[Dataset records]

(* There exists a sequence $(S_i)_{i=1}^\infty$ of functions, each submultiplicative on $[1,\infty)$, such that for every nonempty finite set $A\subset\mathbb N$ and every $j\in\mathbb N\setminus A$, $$\sup_{n\ge1}\frac{S_j(n)}{\max_{i\in A}S_i(n)}=\infty.$$
   Context: Let $2\le n_0\le\infty$ and let $S$ be a real-valued function on $[1,n_0]$ (on $[1,\infty)$ if $n_0=\infty$). $S$ is called submultiplicative on $[1,n_0]$ if: (a) $S$ is piecewise-linear, continuous, strictly increasing and concave; (b) $S(x)=x$ for $1\le x\le 2$; (c) $S(xy)\le S(x)S(y)$ for all $x,y$ with $1\le x,y,xy\le n_0$. *)

theory Defs
  imports "HOL-Analysis.Analysis"
begin

definition piecewise_linear_on :: "real set \<Rightarrow> (real \<Rightarrow> real) \<Rightarrow> bool" where
  "piecewise_linear_on I S \<longleftrightarrow>
     (\<forall>a b. a \<in> I \<and> b \<in> I \<and> a \<le> b \<longrightarrow>
       (\<exists>P. finite P \<and> a \<in> P \<and> b \<in> P \<and> P \<subseteq> {a..b} \<and>
         (\<forall>x y. x \<in> P \<and> y \<in> P \<and> x < y \<and> {x<..<y} \<inter> P = {} \<longrightarrow>
            (\<exists>m c. \<forall>t\<in>{x..y}. S t = m * t + c))))"

definition submultiplicative_inf :: "(real \<Rightarrow> real) \<Rightarrow> bool" where
  "submultiplicative_inf S \<longleftrightarrow>
     piecewise_linear_on {1..} S \<and> continuous_on {1..} S \<and>
     strict_mono_on {1..} S \<and> concave_on {1..} S \<and>
     (\<forall>x\<in>{1..2}. S x = x) \<and>
     (\<forall>x y. 1 \<le> x \<longrightarrow> 1 \<le> y \<longrightarrow> S (x * y) \<le> S x * S y)"

end

theory Submission
  imports Defs "HOL-Library.Nat_Bijection"
begin

text \<open>Every index \<open>i\<close> owns infinitely many \<open>n\<close> (via the Cantor pairing). Let \<open>\<phi>\<^sub>i\<close> be the
  lower envelope of the lines \<open>t\<close> and \<open>t / 2^n + 2^n\<close> for the \<open>n\<close> not owned by \<open>i\<close>.
  As an infimum of lines with nonnegative coefficients, \<open>\<phi>\<^sub>i\<close> is subadditive, and at
  \<open>t = 4^n\<close> it is at most \<open>2^(n+1)\<close> unless \<open>i\<close> owns \<open>n\<close>, in which case it is at least
  \<open>5/2 * 2^n\<close>. Put \<open>S\<^sub>i(x) = inf\<^sub>k ((x - 1) / 2^k + 2^\<phi>\<^sub>i(k))\<close>: again a lower envelope of
  lines, hence concave and continuous, piecewise linear since near any point only finitely
  many lines matter, the identity on \<open>[1, 2]\<close>, and submultiplicative because the product of
  the lines \<open>k\<close> and \<open>l\<close> dominates the line \<open>k + l\<close> by subadditivity of \<open>\<phi>\<^sub>i\<close>. At
  \<open>x = 2^(4^n + 2^(n+1))\<close> with \<open>n\<close> owned by \<open>j\<close>, every \<open>S\<^sub>i\<close> with \<open>i \<noteq> j\<close> is at most
  \<open>2^(2^(n+1)+1)\<close>, whereas \<open>S\<^sub>j(x) \<ge> 2^(2^(n+1) + 2^(n-2) - 1)\<close>.\<close>

section \<open>Lower envelopes of lines\<close>

definition lower_envelope :: "(real \<times> real) set \<Rightarrow> real \<Rightarrow> real" where
  "lower_envelope L t = (INF (m, c)\<in>L. m * t + c)"

lemma lower_envelope_le:
  assumes "L \<subseteq> {0..} \<times> {0..}" "0 \<le> t" "(m, c) \<in> L"
  shows "lower_envelope L t \<le> m * t + c"
proof -
  have bdd: "bdd_below ((\<lambda>(m, c). m * t + c) ` L)"
    using assms(1,2) by (intro bdd_belowI[of _ 0]) auto
  show ?thesis
    unfolding lower_envelope_def using cINF_lower[OF bdd assms(3)] by simp
qed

Task details: In the entries above, find each line with the string "assms" and copy it.

Answer box:
    using assms(1,2) by (intro bdd_belowI[of _ 0]) auto
    unfolding lower_envelope_def using cINF_lower[OF bdd assms(3)] by simp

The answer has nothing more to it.